Dataset records START
lemma lyapunov_recursion_tendsto:
  fixes A U V :: "real^'n^'n" and \<Phi> :: "real^'n^'n \<Rightarrow> 'b::euclidean_space"
    and v :: "nat \<Rightarrow> real^'n^'n" and \<gamma> a d :: "nat \<Rightarrow> real"
  assumes diss: "strictly_dissipative \<Phi> r (lyapunov_op c A)" and V: "U + lyapunov_op c A V = 0"
    and \<gamma>_pos: "\<And>n. n \<ge> 1 \<Longrightarrow> \<gamma> n > 0" and \<gamma>_div: "\<not> summable \<gamma>" and \<gamma>_lim: "\<gamma> \<longlonglongrightarrow> 0"
    and a_lim: "(\<lambda>n. a n / \<gamma> n) \<longlonglongrightarrow> 0" and d_lim: "(\<lambda>n. d n / \<gamma> n) \<longlonglongrightarrow> 0"
    and rec: "\<And>n. n \<ge> 1 \<Longrightarrow> v (Suc n) = v n + \<gamma> n *\<^sub>R (U + lyapunov_op c A (v n))
                 + a n *\<^sub>R v n + d n *\<^sub>R U + (\<gamma> n * \<gamma> (Suc n)) *\<^sub>R (A ** v n ** transpose A)"
  shows "v \<longlonglongrightarrow> V"
proof -
  have "linear (\<lambda>W. A ** W ** transpose A)"
    by (rule linearI) (simp_all add: matrix_add_ldistrib matrix_add_rdistrib matrix_scalar_ac scalar_matrix_assoc)
  then obtain B where "B > 0" and B: "\<And>W. norm (A ** W ** transpose A) \<le> B * norm W"
    using linear_bounded_pos by blast
  define \<eta> where "\<eta> n = \<bar>a n / \<gamma> n\<bar> + \<gamma> (Suc n) * B" for n
  define s where "s n = \<eta> n * norm V + \<bar>d n / \<gamma> n\<bar> * norm U" for n
  have \<eta>_lim: "\<eta> \<longlonglongrightarrow> 0"
    unfolding \<eta>_def
    using tendsto_add[OF tendsto_rabs_zero[OF a_lim] tendsto_mult_left_zero[OF LIMSEQ_Suc[OF \<gamma>_lim]]]
    by simp
  have s_lim: "s \<longlonglongrightarrow> 0"
    unfolding s_def
    using tendsto_add[OF tendsto_mult_left_zero[OF \<eta>_lim] tendsto_mult_left_zero[OF tendsto_rabs_zero[OF d_lim]]]
    by simp
  have "(\<lambda>n. v n - V) \<longlonglongrightarrow> 0"
  proof (rule strictly_dissipative_perturbed_euler_tendsto_zero[OF diss linear_lyapunov_op \<gamma>_div \<gamma>_lim \<eta>_lim s_lim])
    have "\<gamma> n > 0 \<and> \<eta> n \<ge> 0 \<and> norm ((v (Suc n) - V) - ((v n - V) + \<gamma> n *\<^sub>R lyapunov_op c A (v n - V)))
        \<le> \<gamma> n * (\<eta> n * norm (v n - V) + s n)" if "n \<ge> 1" for n
    proof -
      have "\<gamma> n > 0" "\<gamma> (Suc n) \<ge> 0"
        using \<gamma>_pos that by (auto simp: less_imp_le)
      with lyapunov_recursion_error_bound[OF V B _ _ _ rec[OF that]] \<open>B > 0\<close> show ?thesis
        unfolding \<eta>_def s_def by auto
    qed
    then show "eventually (\<lambda>n. \<gamma> n > 0 \<and> \<eta> n \<ge> 0 \<and>
        norm ((v (Suc n) - V) - ((v n - V) + \<gamma> n *\<^sub>R lyapunov_op c A (v n - V)))
          \<le> \<gamma> n * (\<eta> n * norm (v n - V) + s n)) sequentially"
      by (intro eventually_sequentiallyI[of 1])
  qed
  then show ?thesis
    by (rule LIM_zero_cancel)
qed

lemma lyapunov_recursion_limit:
  fixes A U :: "real^'n^'n" and v :: "nat \<Rightarrow> real^'n^'n" and \<gamma> a d :: "nat \<Rightarrow> real"
  assumes eig: "\<And>\<mu>. is_eigenvalue A \<mu> \<Longrightarrow> Re \<mu> < - (c / 2)" and U: "pos_def U"
    and \<gamma>_pos: "\<And>n. n \<ge> 1 \<Longrightarrow> \<gamma> n > 0" and \<gamma>_div: "\<not> summable \<gamma>" and \<gamma>_lim: "\<gamma> \<longlonglongrightarrow> 0"
    and a_lim: "(\<lambda>n. a n / \<gamma> n) \<longlonglongrightarrow> 0" and d_lim: "(\<lambda>n. d n / \<gamma> n) \<longlonglongrightarrow> 0"
    and rec: "\<And>n. n \<ge> 1 \<Longrightarrow> v (Suc n) = v n + \<gamma> n *\<^sub>R (U + lyapunov_op c A (v n))
                 + a n *\<^sub>R v n + d n *\<^sub>R U + (\<gamma> n * \<gamma> (Suc n)) *\<^sub>R (A ** v n ** transpose A)"
  shows "\<exists>V. pos_def V \<and> U + lyapunov_op c A V = 0
           \<and> (\<forall>W. pos_def W \<and> U + lyapunov_op c A W = 0 \<longrightarrow> W = V) \<and> v \<longlonglongrightarrow> V"
proof -
  obtain \<Phi> :: "real^'n^'n \<Rightarrow> complex^'n^'n" and r where diss: "strictly_dissipative \<Phi> r (lyapunov_op c A)"
    by (rule lyapunov_op_strictly_dissipative[OF eig])
  obtain V where V: "U + lyapunov_op c A V = 0" and V_sym: "transpose V = V"
    and unique: "\<And>W. U + lyapunov_op c A W = 0 \<Longrightarrow> W = V"
    using lyapunov_equation_solution[OF diss] U unfolding pos_def_def by blast
  have "pos_def V"
    by (rule lyapunov_solution_pos_def[OF eig U V_sym V])
  moreover have "v \<longlonglongrightarrow> V"
    by (rule lyapunov_recursion_tendsto[OF diss V \<gamma>_pos \<gamma>_div \<gamma>_lim a_lim d_lim rec])
  ultimately show ?thesis
    using V unique by blast
qed

section \<open>Step sizes\<close>

lemma tendsto_zero_if_summable_power2:
  fixes \<gamma> :: "nat \<Rightarrow> real"
  assumes "summable (\<lambda>k. (\<gamma> (k + 1))\<^sup>2)"
  shows "\<gamma> \<longlonglongrightarrow> 0"
proof -
  have "(\<lambda>k. (\<gamma> (Suc k))\<^sup>2) \<longlonglongrightarrow> 0"
    using summable_LIMSEQ_zero[OF assms] by simp
  then have "(\<lambda>k. \<bar>\<gamma> (Suc k)\<bar>) \<longlonglongrightarrow> 0"
    using tendsto_real_sqrt by fastforce
  then show ?thesis
    by (simp add: tendsto_rabs_zero_iff filterlim_sequentially_Suc)
qed

lemma abs_exp_minus_one_le:
  fixes x :: real
  assumes "\<bar>x\<bar> \<le> 1"
  shows "\<bar>exp x - 1\<bar> \<le> 2 * \<bar>x\<bar>"
proof (cases "x \<ge> 0")
  case True
  have "x\<^sup>2 \<le> x"
    using True assms mult_left_le[of x x] by (simp add: power2_eq_square)
  then show ?thesis
    using True exp_bound[OF True] assms by simp
next
  case False
  then have "\<bar>exp x - 1\<bar> = 1 - exp x"
    by simp
  then show ?thesis
    using False exp_ge_add_one_self[of x] by linarith
qed

lemma tendsto_zero_if_smallo:
  fixes f g :: "nat \<Rightarrow> real"
  assumes "f \<in> o(g)" and "g \<longlonglongrightarrow> 0"
  shows "f \<longlonglongrightarrow> 0"
proof (rule Lim_null_comparison)
  show "eventually (\<lambda>k. norm (f k) \<le> 1 * norm (g k)) sequentially"
    using landau_o.smallD[OF assms(1), of 1] by simp
  show "(\<lambda>k. 1 * norm (g k)) \<longlonglongrightarrow> 0"
    using tendsto_norm_zero[OF assms(2)] by simp
qed

lemma relative_step_change_tendsto_zero:
  fixes \<gamma> :: "nat \<Rightarrow> real"
  assumes \<gamma>_pos: "\<And>n. n \<ge> 1 \<Longrightarrow> \<gamma> n > 0" and l_lim: "(\<lambda>k. ln (\<gamma> (k - 1) / \<gamma> k)) \<longlonglongrightarrow> 0"
  shows "(\<lambda>n. (\<gamma> (Suc n) - \<gamma> n) / \<gamma> n) \<longlonglongrightarrow> 0"
proof -
  define l where "l k = ln (\<gamma> (k - 1) / \<gamma> k)" for k
  have "(\<lambda>n. exp (- l (Suc n)) - 1) \<longlonglongrightarrow> exp (- 0) - 1"
    using LIMSEQ_Suc[OF l_lim] unfolding l_def by (intro tendsto_intros)
  moreover have "exp (- l (Suc n)) - 1 = (\<gamma> (Suc n) - \<gamma> n) / \<gamma> n" if "n \<ge> 1" for n
  proof -
    have "\<gamma> n > 0" "\<gamma> (Suc n) > 0"
      using \<gamma>_pos that by auto
    then show ?thesis
      by (simp add: l_def exp_minus diff_divide_distrib)
  qed
  then have "eventually (\<lambda>n. exp (- l (Suc n)) - 1 = (\<gamma> (Suc n) - \<gamma> n) / \<gamma> n) sequentially"
    by (intro eventually_sequentiallyI[of 1])
  ultimately show ?thesis
    by (simp add: tendsto_cong)
qed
Dataset records END
Task requirements: Look over the material above and show each line where "open" appears.

Solution to the exercise:
      with lyapunov_recursion_error_bound[OF V B _ _ _ rec[OF that]] \<open>B > 0\<close> show ?thesis
section \<open>Step sizes\<close>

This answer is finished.